The authors evaluate several large language models on academic literature search tasks using a standardized agent framework and DeepXiv search tool. Results show that performance remains low across models for both Deep Search and Wide Search, with top models achieving less than 6% accuracy and IoU. The the the table highlights that model performance varies significantly between THINK and NOTHINK modes, with some models performing better in one mode and others in the other, and that performance differences are not consistently tied to computational cost or reasoning depth. Top models achieve low accuracy and IoU scores, indicating significant challenges in academic literature search. Performance varies between THINK and NOTHINK modes, with no consistent advantage for either approach across models. There is no clear correlation between computational cost (time, turns, calls) and performance, as some models with lower resource usage outperform others with higher usage.
The authors analyze the impact of test-time scaling on agentic scientific search performance, using pass@k for Deep Search and best@k IoU for Wide Search. Results show that increasing the search budget improves performance in both tasks, but the gains are more substantial for Deep Search, indicating that its failures are primarily due to unstable decision paths. In contrast, Wide Search shows smaller improvements, suggesting a recall bottleneck where repeated runs tend to reproduce similar omissions rather than uncover new evidence. The trend lines indicate that the best-performing models achieve higher scores with larger budgets, with Deep Search showing a steeper improvement curve compared to Wide Search. Test-time scaling improves performance in both Deep and Wide Search, with more significant gains observed in Deep Search. The improvement in Deep Search suggests that failures are often due to unstable decision paths rather than a lack of evidence. Wide Search shows smaller gains with increased budget, indicating a recall bottleneck where repeated runs fail to uncover complementary evidence.

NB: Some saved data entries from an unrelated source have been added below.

lemma inv_gap_le:
  assumes act: "active k" and below: "\<forall>u. fm k u \<le> f u"
  shows "inv_gap k \<le> null_coeff / \<Delta> k powr q"
proof -
  have "inv_gap k \<le> 4 * M\<^sup>2 / ((1 - \<beta>)\<^sup>2 * \<rho> k * (\<Delta> k / 2))"
    unfolding inv_gap_def using prox_gap_ge_half[OF act below] \<Delta>_pos[OF act] rho_pos[OF act] beta
    by (intro divide_left_mono mult_left_mono mult_pos_pos) auto
  also have "\<dots> = 8 * M\<^sup>2 / ((1 - \<beta>)\<^sup>2 * (\<rho> k * \<Delta> k))"
    by (simp add: field_simps)
  also have "\<dots> = null_coeff / \<Delta> k powr q"
    unfolding rho_mult_\<Delta>[OF act] null_coeff_def by (simp add: field_simps)
  finally show ?thesis .
qed

lemma inv_gap_null_step:
  assumes act: "active k" and null: "\<not> descent k" and below: "\<forall>u. fm k u \<le> f u"
    and bounded: "\<rho> k * prox_gap k \<le> M\<^sup>2 / 2"
  shows "inv_gap k + 1 \<le> inv_gap (Suc k)"
proof -
  define c where "c = (1 - \<beta>)\<^sup>2 * \<rho> k / (4 * M\<^sup>2)"
  have act': "active (Suc k)"
    using act null_step_stays(2)[OF act null] unfolding active_def by simp
  have below': "\<forall>u. fm (Suc k) u \<le> f u"
    using model_below act unfolding active_def \<Delta>_def by blast
  have "1 / (c * prox_gap k) + 1 \<le> 1 / (c * prox_gap (Suc k))"
  proof (rule reciprocal_gain_of_quadratic_decrease)
    show "0 < c"
      unfolding c_def using beta rho_pos[OF act] M_pos by simp
    show "0 < prox_gap k" "0 < prox_gap (Suc k)"
      using prox_gap_ge_half \<Delta>_pos act act' below below' by fastforce+
    show "prox_gap (Suc k) \<le> prox_gap k - c * (prox_gap k)\<^sup>2"
      using null_step_prox_gap[OF act null below bounded] unfolding c_def by (simp add: field_simps)
  qed
  moreover have "inv_gap k = 1 / (c * prox_gap k)" "inv_gap (Suc k) = 1 / (c * prox_gap (Suc k))"
    unfolding inv_gap_def c_def null_step_stays(3)[OF act null] using M_pos by (simp_all add: field_simps)
  ultimately show ?thesis
    by simp
qed

lemma null_budget_descent_step:
  assumes act: "active N" "active (Suc N)" and desc: "descent N" and below: "\<forall>u. fm N u \<le> f u"
  shows "null_budget N + null_coeff / \<Delta> N powr q \<le> null_budget (Suc N)"
proof (cases "1 < p")
  case True
  have "\<Delta> (Suc N) powr q \<le> ((1 - \<beta> / 2) * \<Delta> N) powr q"
    using descent_step_contracts[OF act(1) desc below] \<Delta>_pos[OF act(2)] q_nonneg
    by (intro powr_mono2) auto
  also have "\<dots> = \<theta> * \<Delta> N powr q"
    unfolding \<theta>_def using beta \<Delta>_pos[OF act(1)] by (simp add: powr_mult)
  finally have "null_coeff / \<Delta> N powr q * \<theta> / (1 - \<theta>) + null_coeff / \<Delta> N powr q
      \<le> null_coeff / \<Delta> (Suc N) powr q * \<theta> / (1 - \<theta>)"
    using theta_bounds[OF True] \<Delta>_pos[OF act(1)] \<Delta>_pos[OF act(2)]
    by (intro geometric_budget_step null_coeff_nonneg) auto
  then show ?thesis
    unfolding null_budget_def using True by simp
next
  case False
  then have "q = 0"
    using p_ge unfolding q_def by simp
  then show ?thesis
    unfolding null_budget_def descents_def card_less_Suc_filter
    using False desc \<Delta>_pos[OF act(1)] by (simp add: algebra_simps)
qed

lemma null_budget_nonneg: "0 \<le> null_budget N"
  unfolding null_budget_def using theta_bounds null_coeff_nonneg
  by (auto intro!: divide_nonneg_pos mult_nonneg_nonneg divide_nonneg_nonneg)

lemma nulls_le_budget: "(\<forall>j\<le>N. active j) \<Longrightarrow> real (nulls N) \<le> null_budget N + inv_gap N"
proof (induction N)
  case 0
  then show ?case
    using inv_gap_pos[of 0] model_le[of 0] null_budget_nonneg[of 0] unfolding nulls_def by simp
next
  case (Suc N)
  then have act: "active N" "active (Suc N)" and IH: "real (nulls N) \<le> null_budget N + inv_gap N"
    by auto
  have below: "\<forall>u. fm N u \<le> f u" and below': "\<forall>u. fm (Suc N) u \<le> f u"
    using model_le Suc.prems by auto
  show ?case
  proof (cases "descent N")
    case True
    then have "nulls (Suc N) = nulls N"
      unfolding nulls_def card_less_Suc_filter by simp
    then show ?thesis
      using IH inv_gap_le[OF act(1) below] inv_gap_pos[OF act(2) below']
        null_budget_descent_step[OF act True below] by linarith
  next
    case False
    then have "nulls (Suc N) = nulls N + 1" "null_budget (Suc N) = null_budget N"
      unfolding nulls_def null_budget_def descents_def card_less_Suc_filter
      using null_step_stays(2)[OF act(1) False] by simp_all
    then show ?thesis
      using IH inv_gap_null_step[OF act(1) False below] prox_gap_bounded[of N] Suc.prems by simp
  qed
qed

lemma nulls_le:
  assumes act: "\<forall>j\<le>N. active j"
  shows "real (nulls N)
    \<le> (if 1 < p then null_coeff / \<epsilon> powr q / (1 - \<theta>) else null_coeff * (descents N + 1))"
proof -
  have bound: "real (nulls N) \<le> null_budget N + null_coeff / \<Delta> N powr q"
    using nulls_le_budget[OF act] inv_gap_le[of N] act model_le by fastforce
  show ?thesis
  proof (cases "1 < p")
    case True
    note \<theta> = theta_bounds[OF True]
    have "null_budget N + null_coeff / \<Delta> N powr q = null_coeff / \<Delta> N powr q / (1 - \<theta>)"
      unfolding null_budget_def using True \<theta> \<Delta>_pos[of N] act by (simp add: field_simps)
    also have "\<dots> \<le> null_coeff / \<epsilon> powr q / (1 - \<theta>)"
      using act eps q_nonneg null_coeff_nonneg \<theta> unfolding active_def
      by (intro divide_right_mono divide_left_mono powr_mono2 mult_pos_pos) auto
    finally show ?thesis
      using bound True by simp
  next
    case False
    then have "q = 0"
      using p_ge unfolding q_def by simp
    then show ?thesis
      using bound False \<Delta>_pos[of N] act unfolding null_budget_def by (simp add: algebra_simps)
  qed
qed

lemma descents_add_nulls: "descents N + nulls N = N"
  by (induction N) (simp_all add: descents_def nulls_def card_less_Suc_filter)

lemma eventually_inactive: "\<exists>K. \<not> active K"
proof (rule ccontr)
  assume "\<nexists>K. \<not> active K"
  then have act: "\<forall>j\<le>N. active j" for N
    by simp
  define C where
    "C = (if 1 < p then null_coeff / \<epsilon> powr q / (1 - \<theta>) else null_coeff * (descent_bound + 1))"
  have "real N < descent_bound + C" for N
  proof -
    have desc: "real (descents N) < descent_bound"
      by (rule descents_lt[OF act])
    then have "null_coeff * (descents N + 1) \<le> null_coeff * (descent_bound + 1)"
      using null_coeff_nonneg by (intro mult_left_mono) auto
    then have "real (nulls N) \<le> C"
      using nulls_le[OF act, of N] unfolding C_def by (auto split: if_splits)
    then show ?thesis
      using desc descents_add_nulls[of N] by linarith
  qed
  from this[of "nat \<lceil>descent_bound + C\<rceil>"] show False
    by linarith
qed

definition null_bound :: real where
  "null_bound =
     (if 1 < p then null_coeff / \<epsilon> powr q / (1 - \<theta>) else null_coeff * \<lceil>descent_bound\<rceil>)"

lemma first_inactive_bounds:
  obtains K where "\<not> active K" "\<forall>k<K. active k"
    "int (descents K) \<le> \<lceil>descent_bound\<rceil>" "real (nulls K) \<le> null_bound"
proof -
  define K where "K = (LEAST K. \<not> active K)"
  have stop: "\<not> active K"
    unfolding K_def using eventually_inactive by (rule LeastI_ex)
  have before: "\<forall>k<K. active k"
    unfolding K_def using not_less_Least by blast
  have "int (descents K) \<le> \<lceil>descent_bound\<rceil> \<and> real (nulls K) \<le> null_bound"
  proof (cases K)
    case 0
    have "0 \<le> descent_bound"
      unfolding descent_bound_def \<Delta>_def using eps beta by simp
    then show ?thesis
      unfolding null_bound_def descents_def nulls_def 0
      using null_coeff_nonneg theta_bounds by (auto intro!: divide_nonneg_pos divide_nonneg_nonneg)
  next
    case (Suc N)
    have act: "\<forall>j\<le>N. active j"
      using before Suc by auto
    have desc: "descent N"
      using null_step_stays(2)[of N] act stop Suc unfolding active_def by force
    then have counts: "descents K = descents N + 1" "nulls K = nulls N"
      unfolding descents_def nulls_def Suc card_less_Suc_filter by simp_all
    have "int (descents N) < \<lceil>descent_bound\<rceil>"
      using descents_lt[OF act] by (simp add: less_ceiling_iff)
    then have desc_le: "int (descents K) \<le> \<lceil>descent_bound\<rceil>"
      unfolding counts by simp
    then have "null_coeff * (descents N + 1) \<le> null_coeff * \<lceil>descent_bound\<rceil>"
      using null_coeff_nonneg unfolding counts by (intro mult_left_mono) linarith+
    then have "real (nulls K) \<le> null_bound"
      using nulls_le[OF act] unfolding null_bound_def counts by (auto split: if_splits)
    with desc_le show ?thesis ..
  qed
  with stop before that show ?thesis
    by blast
qed

end

theorem theorem6:
  fixes f :: "'a::euclidean_space \<Rightarrow> real"
    and g :: "'a \<Rightarrow> 'a"
    and fstar M \<mu> p \<beta> \<epsilon> :: real
    and x z :: "nat \<Rightarrow> 'a"
    and fm :: "nat \<Rightarrow> 'a \<Rightarrow> real"
    and \<rho> :: "nat \<Rightarrow> real"
  assumes convex: "convex_on UNIV f"
    and lipschitz: "\<forall>u v. \<bar>f u - f v\<bar> \<le> M * norm (u - v)"
    and fstar_lb: "\<forall>u. fstar \<le> f u"
    and Xstar_ne: "\<exists>u. f u = fstar"
    and mu_pos: "\<mu> > 0" and p_ge: "p \<ge> 1"
    and growth: "\<forall>u. f u - fstar \<ge> \<mu> * (infdist u {v. f v = fstar}) powr p"
    and subgrad_oracle: "\<forall>u. is_subgradient f u (g u)"
    and beta: "0 < \<beta>" "\<beta> < 1"
    and x0: "z 0 = x 0"
    and fm0: "\<forall>u. fm 0 u = f (x 0) + inner (g (x 0)) (u - x 0)"
    and rho_def: "\<forall>k. \<rho> k = \<mu> powr (2 / p) * (f (x k) - fstar) powr (1 - 2 / p)"
    and models_convex: "\<forall>k. f (x k) - fstar > \<epsilon> \<longrightarrow> convex_on UNIV (fm k)"
    and prox_step: "\<forall>k. f (x k) - fstar > \<epsilon> \<longrightarrow>
        (\<forall>u. fm k (z (Suc k)) + \<rho> k / 2 * (norm (z (Suc k) - x k))\<^sup>2
              \<le> fm k u + \<rho> k / 2 * (norm (u - x k))\<^sup>2)"
    and descent_update: "\<forall>k. f (x k) - fstar > \<epsilon> \<longrightarrow> pbm_descent \<beta> f fm x z k \<longrightarrow> x (Suc k) = z (Suc k)"
    and null_update: "\<forall>k. f (x k) - fstar > \<epsilon> \<longrightarrow> \<not> pbm_descent \<beta> f fm x z k \<longrightarrow> x (Suc k) = x k"
    and model_below: "\<forall>k. f (x k) - fstar > \<epsilon> \<longrightarrow> (\<forall>u. fm (Suc k) u \<le> f u)"
    and model_cut: "\<forall>k. f (x k) - fstar > \<epsilon> \<longrightarrow>
        (\<forall>u. fm (Suc k) u \<ge> f (z (Suc k)) + inner (g (z (Suc k))) (u - z (Suc k)))"
    and model_agg: "\<forall>k. f (x k) - fstar > \<epsilon> \<longrightarrow> \<not> pbm_descent \<beta> f fm x z k \<longrightarrow>
        (\<forall>u. fm (Suc k) u \<ge> fm k (z (Suc k)) + inner (\<rho> k *\<^sub>R (x k - z (Suc k))) (u - z (Suc k)))"
    and eps: "0 < \<epsilon>" "\<epsilon> \<le> f (x 0) - fstar"
  shows "\<exists>K. f (x K) - fstar \<le> \<epsilon> \<and> (\<forall>k<K. f (x k) - fstar > \<epsilon>)
     \<and> int (card {k. k < K \<and> pbm_descent \<beta> f fm x z k})
          \<le> \<lceil>2 * ln ((f (x 0) - fstar) / \<epsilon>) / \<beta>\<rceil>
     \<and> real (card {k. k < K \<and> \<not> pbm_descent \<beta> f fm x z k})
          \<le> (if p > 1
              then (1 / (1 - (1 - \<beta> / 2) powr (2 - 2 / p)))
                   * (8 * M\<^sup>2 / ((1 - \<beta>)\<^sup>2 * \<mu> powr (2 / p) * \<epsilon> powr (2 - 2 / p)))
              else 8 * M\<^sup>2 / ((1 - \<beta>)\<^sup>2 * \<mu>\<^sup>2)
                   * real_of_int \<lceil>2 * ln ((f (x 0) - fstar) / \<epsilon>) / \<beta>\<rceil>)"
proof -
  interpret proximal_bundle_run f g fstar M \<mu> p \<beta> \<epsilon> x z fm \<rho>
    by (rule proximal_bundle_run.intro)
      (fact lipschitz Xstar_ne mu_pos p_ge growth subgrad_oracle beta fm0 rho_def prox_step
        descent_update null_update model_below model_cut model_agg eps)+
  obtain K where "\<not> active K" "\<forall>k<K. active k"
    "int (descents K) \<le> \<lceil>descent_bound\<rceil>" "real (nulls K) \<le> null_bound"
    by (rule first_inactive_bounds)
  moreover have "p = 1" if "\<not> 1 < p"
    using p_ge that by simp
  ultimately show ?thesis
    unfolding active_def descents_def nulls_def descent_bound_def null_bound_def null_coeff_def
      \<theta>_def q_def \<Delta>_def
    using mu_pos by (intro exI[of _ K]) (auto simp: field_simps powr_numeral)
qed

The authors evaluate multiple language models on deep and wide scientific search tasks using a standardized agent framework and a curated arXiv corpus to assess retrieval precision and evidence completeness. Baseline evaluations validate that models struggle with constraint verification and hypothesis management, as extended reasoning and interaction turns rarely improve outcomes and frequently generate redundant behavior. Scaling and reasoning-mode experiments further validate that computational budget and explicit thinking strategies provide inconsistent advantages, with success heavily dependent on task-specific bottlenecks. Ultimately, the studies conclude that stable decision paths and systematic evidence integration drive performance, while deep search is hindered by unstable trajectories and wide search by persistent recall limitations.